China loan process in Philippines different from other countries

Speaking to the Senate committee on economic affairs, BDA president Vince Dizon confirmed that the loan process of China is different from other lending countries such as Japan and South Korea. The STAR/Mong Pintolo

MANILA, Mar 5, 2019, PhilStar. Compared to other lending countries, China has a different process in offering loans for infrastructure projects in the Philippines, government officials confirmed Tuesday, reported the Phillippine Star.

During the Senate committee on economic affairs’ inquiry into the Duterte administration’s “Build, Build, Build” program, Finance Assistant Secretary Maria Edita Tan admitted that the Philippine government goes through a limited competitive bidding process when it comes to China loan offers.

“In the case of the Chinese, they first would want to have a contract for us to go through a bidding process before they say ‘Okay, I’m okay to confirm to finance it,'” Tan told the Senate panel headed by Sen.
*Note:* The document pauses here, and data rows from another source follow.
lemma (in group) incgraph_iso_cos_graph_subgroupI:
  fixes Q :: "('v, 'e) incgraph"
  assumes K: "subgroup K G" and sH: "subgroup H G" and sJ: "subgroup J G"
    and JH_K: "(J \<inter> K) <#> (H \<inter> K) = JH \<inter> K"
    and vlabel_onto: "vlabel ` K = verts Q" and elabel_onto: "elabel ` K = edges Q"
    and vlabel_eq: "\<And>u u'. u \<in> K \<Longrightarrow> u' \<in> K \<Longrightarrow> u' \<otimes> inv u \<in> H \<longleftrightarrow> vlabel u = vlabel u'"
    and elabel_eq: "\<And>u u'. u \<in> K \<Longrightarrow> u' \<in> K \<Longrightarrow> u' \<otimes> inv u \<in> J \<longleftrightarrow> elabel u = elabel u'"
    and inc_label: "\<And>u v. u \<in> K \<Longrightarrow> v \<in> K \<Longrightarrow> v \<otimes> inv u \<in> JH \<longleftrightarrow> inc Q (vlabel u) (elabel v)"
  shows "incgraph_iso Q (cos_graph (G\<lparr>carrier := K\<rparr>) (H \<inter> K) (J \<inter> K))"
proof -
  interpret K: group "G\<lparr>carrier := K\<rparr>" by (rule subgroup.subgroup_is_group[OF K is_group])
  have quot: "v \<otimes>\<^bsub>G\<lparr>carrier := K\<rparr>\<^esub> inv\<^bsub>G\<lparr>carrier := K\<rparr>\<^esub> u = v \<otimes> inv u"
    and quot_K: "v \<otimes> inv u \<in> K" if "u \<in> K" "v \<in> K" for u v
    using that K by (simp_all add: subgroup.m_closed subgroup.m_inv_closed)
  show ?thesis
  proof (rule K.incgraph_iso_cos_graphI)
    show "subgroup (H \<inter> K) (G\<lparr>carrier := K\<rparr>)" "subgroup (J \<inter> K) (G\<lparr>carrier := K\<rparr>)"
      using subgroup_incl subgroups_Inter_pair K sH sJ by (metis inf_le2)+
  qed (use vlabel_onto elabel_onto vlabel_eq elabel_eq inc_label quot quot_K JH_K
        in \<open>simp_all add: set_mult_carrier_update\<close>)
qed

text \<open>A constant for the symmetric difference (the abbreviation \<open>sym_diff\<close> unfolds), so that
  the simplifier can use the Boolean group laws below.\<close>

definition symdiff :: "'a set \<Rightarrow> 'a set \<Rightarrow> 'a set" where
  "symdiff A B = (A - B) \<union> (B - A)"

lemma symdiff_assoc: "symdiff (symdiff A B) C = symdiff A (symdiff B C)"
  and symdiff_empty [simp]: "symdiff A {} = A" "symdiff {} A = A"
  and symdiff_self [simp]: "symdiff A A = {}"
  and symdiff_cancel [simp]: "symdiff A (symdiff A B) = B"
  and symdiff_eq_iff: "symdiff A B = C \<longleftrightarrow> B = symdiff A C"
  and symdiff_empty_iff: "symdiff A B = {} \<longleftrightarrow> A = B"
  unfolding symdiff_def by blast+

lemma symdiff_subset: "A \<subseteq> X \<Longrightarrow> B \<subseteq> X \<Longrightarrow> symdiff A B \<subseteq> X"
  unfolding symdiff_def by blast

lemma image_symdiff: "inj_on f (A \<union> B) \<Longrightarrow> f ` symdiff A B = symdiff (f ` A) (f ` B)"
  unfolding symdiff_def inj_on_def by blast

lemma symdiff_subset_singleton_iff: "symdiff S T \<subseteq> {p} \<longleftrightarrow> T \<in> {S, symdiff S {p}}"
proof -
  have "symdiff S T \<subseteq> {p} \<longleftrightarrow> symdiff S T = {} \<or> symdiff S T = {p}" by blast
  also have "\<dots> \<longleftrightarrow> T = S \<or> T = symdiff S {p}" by (metis symdiff_empty_iff symdiff_eq_iff)
  finally show ?thesis by blast
qed

lemma odd_card_symdiff:
  assumes "finite X" and "finite Y"
  shows "odd (card (symdiff X Y)) \<longleftrightarrow> odd (card X) \<noteq> odd (card Y)"
proof -
  have "symdiff X Y = (X \<union> Y) - (X \<inter> Y)" unfolding symdiff_def by blast
  then have "card (symdiff X Y) = card (X \<union> Y) - card (X \<inter> Y)"
    using assms card_Diff_subset[of "X \<inter> Y" "X \<union> Y"] by auto
  moreover have "card (X \<inter> Y) \<le> card (X \<union> Y)" using assms by (intro card_mono) auto
  ultimately have "card (symdiff X Y) + 2 * card (X \<inter> Y) = card X + card Y"
    using card_Un_Int[OF assms] by linarith
  then show ?thesis by (metis even_add even_mult_iff even_numeral)
qed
Sherwin Gatchalian.

Tan also said the Chinese usually starts with providing three contractors of “good standing” before the bidding process.

The Chinese want to be assured first that they will be getting a Chinese contractor if they will be funding a project as it would be a tied loan.

Bases Conversion and Development Authority President Vince Dizon confirmed this, adding that the process is different between China and other lending countries such as Japan and South Korea.

“For the Japanese (Official Development Assistance) loans, the loan agreement is first signed before the tendering or bidding process takes place under a tied loan agreement,” Dizon told the Senate panel.

The process with the Chinese is slightly different as the bidding comes first before the loan agreement is negotiated and signed, according to the BCDA president.

Citing the Subic-Clark Railway Project as an example, Dizon said the National Economic and Development Authority (NEDA) board first approved the project for funding through the Department of Finance (DOF) from the Chinese government.

After the NEDA board approval, Beijing will be giving the Philippine government a shortlist of three accredited contractors under a tied loan agreement.

“The Philippine government will then bid out the project under our own rules and once the winning bidder has been awarded, then the loan negotiation takes place between the Chinese government and our Department of Finance,” Dizon said.

Dizon, however, clarified that there is no direct negotiation in the process of selecting the Chinese contractor.

Sen. Nancy Binay, meanwhile, questioned the basis of competitiveness as the bidding comes first before the DOF releases the terms of reference.

“Actually, the terms of reference is based on the approvals of the NEDA board,” Dizon said, noting that the terms of the loan are not part of the terms of reference of the bid.

According to the NEDA, 56 infrastructure projects have been identified for possible ODA loans and will be turned over to the DOF.

As of the moment, the DOF has executed nine loan agreements with other countries — two from China, two from South Korea and five from Japan.

Last year, US Vice President Mike Pence warned countries to be wary of China’s loan offers to poorer countries. His warning came before the Philippines and China signed several agreements during Chinese President Xi Jinping’s visit to Manila.

Speaking before the 2018 Asia-Pacific Economic Cooperation CEO Summit in Papua New Guinea in November, Pence said Beijing’s terms of loans are “often opaque at best.”

“Projects they support are often unsustainable and of poor quality. And too often, they come with strings attached and lead to staggering debt,” Pence said.

Then Budget Secretary Benjamin Diokno, however, said the Philippines is “very careful” in accepting loan deals from China.

“We are careful. Number one, we choose the projects we want. Second, we would step around for the best terms,” Diokno earlier said.